YOUR GOAL: In the entries that follow, find the line containing "with single_valued_cycle_pred_unique[OF sv", then output exactly every line from the first through that one.
[THE RECORDS — start]
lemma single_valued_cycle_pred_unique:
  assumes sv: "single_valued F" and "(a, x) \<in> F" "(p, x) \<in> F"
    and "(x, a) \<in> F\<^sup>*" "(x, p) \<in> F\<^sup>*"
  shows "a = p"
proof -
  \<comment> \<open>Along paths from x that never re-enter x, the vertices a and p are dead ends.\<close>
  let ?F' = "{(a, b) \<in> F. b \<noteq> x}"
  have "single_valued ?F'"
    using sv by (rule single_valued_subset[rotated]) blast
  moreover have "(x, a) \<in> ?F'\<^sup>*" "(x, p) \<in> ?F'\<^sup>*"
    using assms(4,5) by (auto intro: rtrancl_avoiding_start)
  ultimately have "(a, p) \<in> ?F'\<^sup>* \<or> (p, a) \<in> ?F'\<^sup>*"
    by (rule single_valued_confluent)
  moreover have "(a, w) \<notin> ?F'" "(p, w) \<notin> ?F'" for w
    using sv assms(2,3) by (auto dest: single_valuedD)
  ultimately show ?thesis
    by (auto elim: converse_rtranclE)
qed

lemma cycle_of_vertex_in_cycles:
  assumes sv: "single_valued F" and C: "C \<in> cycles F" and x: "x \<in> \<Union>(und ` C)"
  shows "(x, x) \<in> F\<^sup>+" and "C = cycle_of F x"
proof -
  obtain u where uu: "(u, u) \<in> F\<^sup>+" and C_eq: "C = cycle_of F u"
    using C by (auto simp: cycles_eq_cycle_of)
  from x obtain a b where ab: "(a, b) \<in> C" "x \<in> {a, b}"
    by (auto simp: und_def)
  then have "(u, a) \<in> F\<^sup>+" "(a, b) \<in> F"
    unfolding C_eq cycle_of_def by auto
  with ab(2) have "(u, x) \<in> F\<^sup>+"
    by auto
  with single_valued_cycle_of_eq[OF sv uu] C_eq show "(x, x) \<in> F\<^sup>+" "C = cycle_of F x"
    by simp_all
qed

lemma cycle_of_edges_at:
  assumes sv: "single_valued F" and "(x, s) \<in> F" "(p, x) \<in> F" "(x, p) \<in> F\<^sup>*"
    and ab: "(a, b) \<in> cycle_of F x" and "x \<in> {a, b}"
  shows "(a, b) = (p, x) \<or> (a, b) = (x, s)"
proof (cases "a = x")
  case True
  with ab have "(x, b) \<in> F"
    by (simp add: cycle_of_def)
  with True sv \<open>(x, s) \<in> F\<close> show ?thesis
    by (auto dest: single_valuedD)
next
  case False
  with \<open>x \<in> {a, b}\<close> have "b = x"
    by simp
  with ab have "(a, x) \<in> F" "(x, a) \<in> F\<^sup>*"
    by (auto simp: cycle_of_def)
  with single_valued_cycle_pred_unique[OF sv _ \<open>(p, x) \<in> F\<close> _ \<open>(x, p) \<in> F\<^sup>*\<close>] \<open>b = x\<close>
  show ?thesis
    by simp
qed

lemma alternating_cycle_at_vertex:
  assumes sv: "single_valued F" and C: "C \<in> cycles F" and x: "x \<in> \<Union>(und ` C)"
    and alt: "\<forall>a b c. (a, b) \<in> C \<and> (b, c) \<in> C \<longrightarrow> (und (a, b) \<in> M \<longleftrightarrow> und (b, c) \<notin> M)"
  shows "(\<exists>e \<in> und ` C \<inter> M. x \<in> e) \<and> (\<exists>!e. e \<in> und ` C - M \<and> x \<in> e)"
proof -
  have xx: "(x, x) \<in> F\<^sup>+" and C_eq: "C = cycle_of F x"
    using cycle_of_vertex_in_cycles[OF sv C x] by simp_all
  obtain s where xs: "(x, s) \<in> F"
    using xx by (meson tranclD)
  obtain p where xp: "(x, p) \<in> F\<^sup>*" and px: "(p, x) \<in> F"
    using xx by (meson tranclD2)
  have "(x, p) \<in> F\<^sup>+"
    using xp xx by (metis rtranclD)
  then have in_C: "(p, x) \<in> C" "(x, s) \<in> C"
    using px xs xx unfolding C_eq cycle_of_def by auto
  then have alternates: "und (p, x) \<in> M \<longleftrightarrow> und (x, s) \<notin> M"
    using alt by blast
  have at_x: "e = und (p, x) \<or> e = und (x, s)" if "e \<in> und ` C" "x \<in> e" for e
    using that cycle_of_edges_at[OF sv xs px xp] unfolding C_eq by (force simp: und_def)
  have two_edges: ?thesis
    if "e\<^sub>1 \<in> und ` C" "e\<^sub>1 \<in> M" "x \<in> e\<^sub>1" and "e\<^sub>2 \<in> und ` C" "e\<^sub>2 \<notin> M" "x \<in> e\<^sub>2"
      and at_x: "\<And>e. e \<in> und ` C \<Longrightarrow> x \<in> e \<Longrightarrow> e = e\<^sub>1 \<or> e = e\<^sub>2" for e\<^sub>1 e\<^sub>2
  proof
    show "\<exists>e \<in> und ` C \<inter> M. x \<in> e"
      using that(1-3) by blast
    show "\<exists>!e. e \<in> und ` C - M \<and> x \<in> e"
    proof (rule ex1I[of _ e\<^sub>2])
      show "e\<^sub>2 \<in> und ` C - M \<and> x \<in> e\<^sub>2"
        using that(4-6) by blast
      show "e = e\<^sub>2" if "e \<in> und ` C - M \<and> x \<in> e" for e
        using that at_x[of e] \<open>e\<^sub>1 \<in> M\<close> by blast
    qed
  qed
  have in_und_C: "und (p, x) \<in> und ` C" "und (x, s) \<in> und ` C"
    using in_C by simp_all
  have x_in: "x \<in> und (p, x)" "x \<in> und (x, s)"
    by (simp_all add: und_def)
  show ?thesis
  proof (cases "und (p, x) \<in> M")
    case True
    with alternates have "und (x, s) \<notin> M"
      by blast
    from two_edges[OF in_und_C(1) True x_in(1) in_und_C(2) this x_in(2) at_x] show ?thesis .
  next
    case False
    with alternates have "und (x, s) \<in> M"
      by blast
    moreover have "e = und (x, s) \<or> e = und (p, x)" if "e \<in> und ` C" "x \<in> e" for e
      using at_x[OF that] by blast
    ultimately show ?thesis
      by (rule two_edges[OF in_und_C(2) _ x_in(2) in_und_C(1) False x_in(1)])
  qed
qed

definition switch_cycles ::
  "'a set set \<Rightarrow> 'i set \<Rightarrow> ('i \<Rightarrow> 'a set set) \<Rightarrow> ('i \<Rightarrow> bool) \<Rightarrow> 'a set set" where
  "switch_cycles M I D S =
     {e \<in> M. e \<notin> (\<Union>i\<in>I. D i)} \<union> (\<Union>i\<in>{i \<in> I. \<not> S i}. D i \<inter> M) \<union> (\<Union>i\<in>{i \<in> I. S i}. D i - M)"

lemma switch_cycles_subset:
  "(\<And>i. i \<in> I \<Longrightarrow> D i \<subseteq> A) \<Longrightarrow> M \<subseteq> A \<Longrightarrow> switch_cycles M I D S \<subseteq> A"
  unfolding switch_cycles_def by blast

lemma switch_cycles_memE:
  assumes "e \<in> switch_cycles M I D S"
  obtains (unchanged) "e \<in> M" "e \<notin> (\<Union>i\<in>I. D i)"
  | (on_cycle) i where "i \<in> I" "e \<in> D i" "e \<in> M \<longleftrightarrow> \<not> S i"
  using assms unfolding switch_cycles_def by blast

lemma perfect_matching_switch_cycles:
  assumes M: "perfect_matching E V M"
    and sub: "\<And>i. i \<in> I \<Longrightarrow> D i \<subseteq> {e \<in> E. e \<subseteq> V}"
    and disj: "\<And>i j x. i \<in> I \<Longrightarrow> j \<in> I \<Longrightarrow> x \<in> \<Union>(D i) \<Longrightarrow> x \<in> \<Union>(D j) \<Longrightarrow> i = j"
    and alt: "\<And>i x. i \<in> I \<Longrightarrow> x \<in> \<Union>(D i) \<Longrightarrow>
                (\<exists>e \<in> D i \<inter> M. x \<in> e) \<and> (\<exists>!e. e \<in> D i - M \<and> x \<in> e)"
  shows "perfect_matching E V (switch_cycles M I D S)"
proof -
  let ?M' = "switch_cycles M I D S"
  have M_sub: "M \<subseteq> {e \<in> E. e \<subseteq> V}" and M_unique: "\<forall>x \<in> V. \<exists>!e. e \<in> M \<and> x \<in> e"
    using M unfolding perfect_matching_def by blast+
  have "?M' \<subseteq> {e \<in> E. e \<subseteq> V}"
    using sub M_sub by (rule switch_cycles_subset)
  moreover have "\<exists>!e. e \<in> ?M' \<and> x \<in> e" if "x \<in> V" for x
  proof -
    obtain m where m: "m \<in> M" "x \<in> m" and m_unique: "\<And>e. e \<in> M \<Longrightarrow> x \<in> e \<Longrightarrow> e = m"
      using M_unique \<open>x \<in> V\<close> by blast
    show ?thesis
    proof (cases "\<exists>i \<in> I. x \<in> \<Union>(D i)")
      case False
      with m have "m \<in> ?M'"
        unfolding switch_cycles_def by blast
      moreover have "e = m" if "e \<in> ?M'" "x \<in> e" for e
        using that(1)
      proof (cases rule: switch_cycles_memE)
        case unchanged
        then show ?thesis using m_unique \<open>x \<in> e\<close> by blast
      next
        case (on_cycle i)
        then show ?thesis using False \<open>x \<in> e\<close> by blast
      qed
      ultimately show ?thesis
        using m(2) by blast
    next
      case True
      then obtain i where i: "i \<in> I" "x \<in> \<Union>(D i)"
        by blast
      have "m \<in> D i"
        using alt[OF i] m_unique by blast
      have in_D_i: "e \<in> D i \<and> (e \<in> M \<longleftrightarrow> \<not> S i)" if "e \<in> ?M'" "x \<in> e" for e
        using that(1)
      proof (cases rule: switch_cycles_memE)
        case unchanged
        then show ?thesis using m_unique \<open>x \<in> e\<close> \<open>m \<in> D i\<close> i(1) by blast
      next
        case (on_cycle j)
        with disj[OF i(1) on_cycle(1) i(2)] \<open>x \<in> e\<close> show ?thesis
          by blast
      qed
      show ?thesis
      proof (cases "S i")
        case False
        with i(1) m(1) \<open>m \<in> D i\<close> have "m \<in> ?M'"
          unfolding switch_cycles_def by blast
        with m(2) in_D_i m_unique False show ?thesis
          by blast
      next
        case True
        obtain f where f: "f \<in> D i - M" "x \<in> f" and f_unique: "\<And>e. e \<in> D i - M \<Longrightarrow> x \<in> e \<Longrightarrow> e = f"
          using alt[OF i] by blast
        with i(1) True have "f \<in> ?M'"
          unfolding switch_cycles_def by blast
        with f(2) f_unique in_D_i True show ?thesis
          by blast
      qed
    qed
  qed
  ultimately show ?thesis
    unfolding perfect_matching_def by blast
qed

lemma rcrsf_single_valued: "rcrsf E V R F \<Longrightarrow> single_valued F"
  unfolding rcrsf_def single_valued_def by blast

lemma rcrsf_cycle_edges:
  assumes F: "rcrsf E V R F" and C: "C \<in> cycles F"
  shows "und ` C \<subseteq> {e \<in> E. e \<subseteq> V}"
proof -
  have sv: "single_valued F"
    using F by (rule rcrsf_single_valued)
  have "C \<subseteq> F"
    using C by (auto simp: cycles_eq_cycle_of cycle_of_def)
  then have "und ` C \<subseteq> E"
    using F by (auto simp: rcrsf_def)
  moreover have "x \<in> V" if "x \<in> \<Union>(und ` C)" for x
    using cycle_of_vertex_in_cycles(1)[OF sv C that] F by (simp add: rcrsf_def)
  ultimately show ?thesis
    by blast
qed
[THE RECORDS — finish]
OUTPUT:
lemma single_valued_cycle_pred_unique:
  assumes sv: "single_valued F" and "(a, x) \<in> F" "(p, x) \<in> F"
    and "(x, a) \<in> F\<^sup>*" "(x, p) \<in> F\<^sup>*"
  shows "a = p"
proof -
  \<comment> \<open>Along paths from x that never re-enter x, the vertices a and p are dead ends.\<close>
  let ?F' = "{(a, b) \<in> F. b \<noteq> x}"
  have "single_valued ?F'"
    using sv by (rule single_valued_subset[rotated]) blast
  moreover have "(x, a) \<in> ?F'\<^sup>*" "(x, p) \<in> ?F'\<^sup>*"
    using assms(4,5) by (auto intro: rtrancl_avoiding_start)
  ultimately have "(a, p) \<in> ?F'\<^sup>* \<or> (p, a) \<in> ?F'\<^sup>*"
    by (rule single_valued_confluent)
  moreover have "(a, w) \<notin> ?F'" "(p, w) \<notin> ?F'" for w
    using sv assms(2,3) by (auto dest: single_valuedD)
  ultimately show ?thesis
    by (auto elim: converse_rtranclE)
qed

lemma cycle_of_vertex_in_cycles:
  assumes sv: "single_valued F" and C: "C \<in> cycles F" and x: "x \<in> \<Union>(und ` C)"
  shows "(x, x) \<in> F\<^sup>+" and "C = cycle_of F x"
proof -
  obtain u where uu: "(u, u) \<in> F\<^sup>+" and C_eq: "C = cycle_of F u"
    using C by (auto simp: cycles_eq_cycle_of)
  from x obtain a b where ab: "(a, b) \<in> C" "x \<in> {a, b}"
    by (auto simp: und_def)
  then have "(u, a) \<in> F\<^sup>+" "(a, b) \<in> F"
    unfolding C_eq cycle_of_def by auto
  with ab(2) have "(u, x) \<in> F\<^sup>+"
    by auto
  with single_valued_cycle_of_eq[OF sv uu] C_eq show "(x, x) \<in> F\<^sup>+" "C = cycle_of F x"
    by simp_all
qed

lemma cycle_of_edges_at:
  assumes sv: "single_valued F" and "(x, s) \<in> F" "(p, x) \<in> F" "(x, p) \<in> F\<^sup>*"
    and ab: "(a, b) \<in> cycle_of F x" and "x \<in> {a, b}"
  shows "(a, b) = (p, x) \<or> (a, b) = (x, s)"
proof (cases "a = x")
  case True
  with ab have "(x, b) \<in> F"
    by (simp add: cycle_of_def)
  with True sv \<open>(x, s) \<in> F\<close> show ?thesis
    by (auto dest: single_valuedD)
next
  case False
  with \<open>x \<in> {a, b}\<close> have "b = x"
    by simp
  with ab have "(a, x) \<in> F" "(x, a) \<in> F\<^sup>*"
    by (auto simp: cycle_of_def)
  with single_valued_cycle_pred_unique[OF sv _ \<open>(p, x) \<in> F\<close> _ \<open>(x, p) \<in> F\<^sup>*\<close>] \<open>b = x\<close>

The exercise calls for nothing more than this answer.